Btw, there could be some utility to enable you to modify one or two central hues to your liking. I think vista has something similar, and frankly, it's a very good idea. It keeps everything consistent but allows for adequate customization. The glossy mockup, for instance, would look nice in green.

----------


## khurrum1990

They should have black panels, let the windows have a milk-white color, and some great looking icons, something similar to the oxygen icons. Your theme doesn't have to match ur logo colors, that is what Ubuntu developers need to realize.

----------


## smartboyathome

> They should have black panels, let the windows have a milk-white color, and some great looking icons, something similar to the oxygen icons. Your theme doesn't have to match ur logo colors, that is what Ubuntu developers need to realize.


The problem is that this is Ubuntu's color scheme, and doing that would only make it look like Mac OSX. Besides, I hate how white the oxygen theme is on KDE.  :LOL:

----------


## LuisAugusto

> I must say the new screenshots look better. Though I'm still not too happy about the dark brown color.

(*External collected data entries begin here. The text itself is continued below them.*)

(* There is a (deterministic) $\Sigma_{\diamond}$-matrix $\mathbb{M}$ such that $\rhd_{\diamond}=\rhd_{\mathbb{M}}$.
   Context: $\Sigma_\diamond$ is the signature with a single binary connective $\diamond$ (platypus). $\mathbb{B}_\diamond=\langle\{0,1\},\cdot,\{1\}\rangle$ is the two-valued Nmatrix interpreting $\diamond$ by $\diamond(0,0)=\{0\}$, $\diamond(1,1)=\{1\}$, $\diamond(0,1)=\diamond(1,0)=\{0,1\}$. For an Nmatrix (or matrix, where all connectives are interpreted as functions) $\mathbb{M}$ with designated set $D$, $\Gamma\rhd_{\mathbb{M}}\Delta$ iff every $\mathbb{M}$-valuation $v$ with $v(\Gamma)\subseteq D$ satisfies $v(\Delta)\cap D\neq\emptyset$; $\rhd_\diamond$ is $\rhd_{\mathbb{B}_\diamond}$. A matrix is deterministic, i.e. each connective is interpreted as a function. *)

theory Defs
  imports Main
begin

datatype form = Var nat | Plat form form

text \<open>The two-valued Nmatrix B_platypus: values {0,1} rendered as bool (True = 1),
  designated set {1}.\<close>
definition plat_nd :: "bool \<Rightarrow> bool \<Rightarrow> bool set" where
  "plat_nd a b = (if a = b then {a} else {False, True})"

definition Bval :: "(form \<Rightarrow> bool) \<Rightarrow> bool" where
  "Bval v \<longleftrightarrow> (\<forall>A B. v (Plat A B) \<in> plat_nd (v A) (v B))"

definition plat_cons :: "form set \<Rightarrow> form set \<Rightarrow> bool" where
  "plat_cons \<Gamma> \<Delta> \<longleftrightarrow> (\<forall>v. Bval v \<longrightarrow> (\<forall>A\<in>\<Gamma>. v A) \<longrightarrow> (\<exists>B\<in>\<Delta>. v B))"

definition is_matrix :: "'v set \<Rightarrow> ('v \<Rightarrow> 'v \<Rightarrow> 'v) \<Rightarrow> 'v set \<Rightarrow> bool" where
  "is_matrix V f D \<longleftrightarrow> V \<noteq> {} \<and> D \<subseteq> V \<and> (\<forall>a\<in>V. \<forall>b\<in>V. f a b \<in> V)"

definition mval :: "'v set \<Rightarrow> ('v \<Rightarrow> 'v \<Rightarrow> 'v) \<Rightarrow> (form \<Rightarrow> 'v) \<Rightarrow> bool" where
  "mval V f v \<longleftrightarrow> (\<forall>A. v A \<in> V) \<and> (\<forall>A B. v (Plat A B) = f (v A) (v B))"

definition mcons :: "'v set \<Rightarrow> ('v \<Rightarrow> 'v \<Rightarrow> 'v) \<Rightarrow> 'v set \<Rightarrow> form set \<Rightarrow> form set \<Rightarrow> bool" where
  "mcons V f D \<Gamma> \<Delta> \<longleftrightarrow>
     (\<forall>v. mval V f v \<longrightarrow> v ` \<Gamma> \<subseteq> D \<longrightarrow> v ` \<Delta> \<inter> D \<noteq> {})"

end

theory Submission
  imports Defs "HOL-Library.Countable"
begin

text \<open>A deterministic matrix simulates the Nmatrix if every value carries, besides its truth bit,
  the formula it is the value of and an oracle (a set of formulas) that fixes all
  non-deterministic choices in advance: the connective keeps the common bit of its arguments
  when they agree and otherwise asks the oracle of its first argument whether the compound
  formula is true.  The truth bits of any valuation of this matrix then form a valuation of the
  Nmatrix, and every valuation w of the Nmatrix is the truth part of the matrix valuation
  A \<mapsto> (w A, A, {B. w B}).  Since formulas are countable, these values can be coded
  injectively by sets of sets of naturals, and an isomorphic copy of a matrix has the same
  consequence relation.\<close>

lemma mcons_iso:
  assumes "is_matrix V f D" and "inj_on e V"
    and hom: "\<forall>a\<in>V. \<forall>b\<in>V. f' (e a) (e b) = e (f a b)"
  shows "mcons (e ` V) f' (e ` D) \<Gamma> \<Delta> \<longleftrightarrow> mcons V f D \<Gamma> \<Delta>"
proof -
  have designated_iff: "e x \<in> e ` D \<longleftrightarrow> x \<in> D" if "x \<in> V" for x
    using assms(1,2) that by (auto simp: is_matrix_def inj_on_image_mem_iff)
  have premises_iff: "(e \<circ> u) ` \<Gamma> \<subseteq> e ` D \<longleftrightarrow> u ` \<Gamma> \<subseteq> D"
    and conclusions_iff: "(e \<circ> u) ` \<Delta> \<inter> e ` D \<noteq> {} \<longleftrightarrow> u ` \<Delta> \<inter> D \<noteq> {}"
    if "\<forall>A. u A \<in> V" for u
    using that by (auto simp: image_subset_iff disjoint_iff designated_iff)
  have mval_comp: "mval (e ` V) f' (e \<circ> u)" if "mval V f u" for u
    using that hom by (auto simp: mval_def)
  have mval_factor: "\<exists>u. mval V f u \<and> u' = e \<circ> u" if u': "mval (e ` V) f' u'" for u'
  proof -
    define u where "u = inv_into V e \<circ> u'"
    have u'_eq: "u' = e \<circ> u" and u_in: "\<forall>A. u A \<in> V"
      using u' by (auto simp: u_def mval_def f_inv_into_f inv_into_into)
    have "u (Plat A B) = f (u A) (u B)" for A B
    proof -
      have "e (u (Plat A B)) = e (f (u A) (u B))"
        using u' hom u_in by (simp add: u'_eq mval_def)
      then show ?thesis
        using assms(1,2) u_in by (auto simp: is_matrix_def inj_on_eq_iff)
    qed
    with u'_eq u_in show ?thesis
      by (auto simp: mval_def)
  qed
  show ?thesis
    unfolding mcons_def
  proof (intro iffI allI impI)
    fix u assume "\<forall>u'. mval (e ` V) f' u' \<longrightarrow> u' ` \<Gamma> \<subseteq> e ` D \<longrightarrow> u' ` \<Delta> \<inter> e ` D \<noteq> {}"
      and "mval V f u" and "u ` \<Gamma> \<subseteq> D"
    then show "u ` \<Delta> \<inter> D \<noteq> {}"
      using mval_comp premises_iff conclusions_iff by (metis mval_def)
  next
    fix u' assume cons: "\<forall>u. mval V f u \<longrightarrow> u ` \<Gamma> \<subseteq> D \<longrightarrow> u ` \<Delta> \<inter> D \<noteq> {}"
      and u': "mval (e ` V) f' u'" and "u' ` \<Gamma> \<subseteq> e ` D"
    obtain u where "mval V f u" and "u' = e \<circ> u"
      using mval_factor[OF u'] by blast
    then show "u' ` \<Delta> \<inter> e ` D \<noteq> {}"
      using cons \<open>u' ` \<Gamma> \<subseteq> e ` D\<close> premises_iff conclusions_iff by (metis mval_def)
  qed
qed

fun plat_oracle ::
  "bool \<times> form \<times> form set \<Rightarrow> bool \<times> form \<times> form set \<Rightarrow> bool \<times> form \<times> form set" where
  "plat_oracle (a, A, T) (b, B, _) = (if a = b then a else Plat A B \<in> T, Plat A B, T)"

lemma Bval_truth_of_oracle_mval:
  assumes "mval UNIV plat_oracle u"
  shows "Bval (fst \<circ> u)"
  unfolding Bval_def
proof (intro allI)
  fix A B
  have "u (Plat A B) = plat_oracle (u A) (u B)"
    using assms by (simp add: mval_def)
  then show "(fst \<circ> u) (Plat A B) \<in> plat_nd ((fst \<circ> u) A) ((fst \<circ> u) B)"
    by (cases "u A"; cases "u B") (auto simp: plat_nd_def)
qed

lemma oracle_mval_of_Bval:
  assumes "Bval w"
  shows "mval UNIV plat_oracle (\<lambda>A. (w A, A, {B. w B}))"
  unfolding mval_def
proof (intro conjI allI)
  fix A B
  have "w (Plat A B) \<in> plat_nd (w A) (w B)"
    using assms by (simp add: Bval_def)
  then show "(w (Plat A B), Plat A B, {B. w B}) = plat_oracle (w A, A, {B. w B}) (w B, B, {B. w B})"
    by (auto simp: plat_nd_def split: if_splits)
qed simp

lemma plat_cons_iff_mcons_oracle:
  "plat_cons \<Gamma> \<Delta> \<longleftrightarrow> mcons UNIV plat_oracle {x. fst x} \<Gamma> \<Delta>"
proof
  assume cons: "plat_cons \<Gamma> \<Delta>"
  show "mcons UNIV plat_oracle {x. fst x} \<Gamma> \<Delta>"
    unfolding mcons_def
  proof (intro allI impI)
    fix u assume "mval UNIV plat_oracle u" and "u ` \<Gamma> \<subseteq> {x. fst x}"
    then have "Bval (fst \<circ> u)" and "\<forall>A\<in>\<Gamma>. fst (u A)"
      using Bval_truth_of_oracle_mval by auto
    then show "u ` \<Delta> \<inter> {x. fst x} \<noteq> {}"
      using cons by (fastforce simp: plat_cons_def)
  qed
next
  assume cons: "mcons UNIV plat_oracle {x. fst x} \<Gamma> \<Delta>"
  show "plat_cons \<Gamma> \<Delta>"
    unfolding plat_cons_def
  proof (intro allI impI)
    fix w assume "Bval w" and "\<forall>A\<in>\<Gamma>. w A"
    then show "\<exists>B\<in>\<Delta>. w B"
      using cons oracle_mval_of_Bval[of w] by (fastforce simp: mcons_def)
  qed
qed

instance form :: countable
  by countable_datatype

definition code_value :: "bool \<times> form \<times> form set \<Rightarrow> nat set set" where
  "code_value = (\<lambda>(b, A, T). {to_nat ` insert (Inl (b, A)) (Inr ` T)})"

lemma inj_code_value: "inj code_value"
proof (rule injI)
  fix x y assume code_eq: "code_value x = code_value y"
  obtain b A T c B U where x: "x = (b, A, T)" and y: "y = (c, B, U)"
    by (cases x; cases y)
  have "to_nat ` insert (Inl (b, A)) (Inr ` T) = to_nat ` insert (Inl (c, B)) (Inr ` U)"
    using code_eq by (simp add: code_value_def x y del: image_insert)
  then have "insert (Inl (b, A)) (Inr ` T) = insert (Inl (c, B)) (Inr ` U)"
    by (simp add: inj_image_eq_iff del: image_insert)
  then have "(b, A) = (c, B)" and "T = U"
    by blast+
  then show "x = y"
    by (simp add: x y)
qed

theorem proposition3:
  shows "\<exists>(V :: nat set set set) f D. is_matrix V f D \<and>
           (\<forall>\<Gamma> \<Delta>. plat_cons \<Gamma> \<Delta> \<longleftrightarrow> mcons V f D \<Gamma> \<Delta>)"
proof -
  define f where "f x y = code_value (plat_oracle (inv code_value x) (inv code_value y))" for x y
  have oracle_matrix: "is_matrix UNIV plat_oracle {x. fst x}"
    by (simp add: is_matrix_def)
  have "\<forall>a\<in>UNIV. \<forall>b\<in>UNIV. f (code_value a) (code_value b) = code_value (plat_oracle a b)"
    using inj_code_value by (simp add: f_def)
  then have "plat_cons \<Gamma> \<Delta> \<longleftrightarrow> mcons (range code_value) f (code_value ` {x. fst x}) \<Gamma> \<Delta>" for \<Gamma> \<Delta>
    using oracle_matrix inj_code_value by (simp add: mcons_iso plat_cons_iff_mcons_oracle)
  moreover have "is_matrix (range code_value) f (code_value ` {x. fst x})"
    using oracle_matrix by (auto simp: is_matrix_def f_def)
  ultimately show ?thesis
    by auto
qed

end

*Running to the bathroom willing to puke*

Oh, man, how ugly.

Anyway, Oxygen is beautiful, comparing it with human or those mockups it's a damn insult, it isn't perfect, but hell is better than those.





See? XD

----------


## LuisAugusto

The old ones are infinitely better, I doesn't have the slightest idea how can they think those new ones are better :/



PS: Sorry for the double post, silly me! XD

----------


## liquidfunk

I love it!

----------


## meborc

well... guys, it is still a bit early, isn't it?  :Smile:  there is time to come up with better ideas... and whoever does that, should try to convince the art team, not us here  :Smile: 

i really liked the black-orange mockup that was somewhere here, on art forum... i don't know why they chose brown over black - probably didn't want to be too extreme... i guess they achieved just that with the brown bars

go black... go orange... go green (ups!)

----------


## nikRbokR

It would be great if users could chose the amount of opacity for the menu bars. It would probably be more inviting that way.  I really wish that brown wasn't the default color though.  It's not exactly the most appealing color.  Luckily, it can be changed (i hope!).  Compiz Fusion will look gr8 w/ this!

----------


## khurrum1990

Oxygen is the best. It beats Aqua and Vista aero and every other theme out there. Can anyone tell me what color the oxygen windows are in this format: #FFFFF. Thanks, I want to change my windows color in kde.

----------


## BrokeBody

> Am I the only one that liked the very first ones posted here better?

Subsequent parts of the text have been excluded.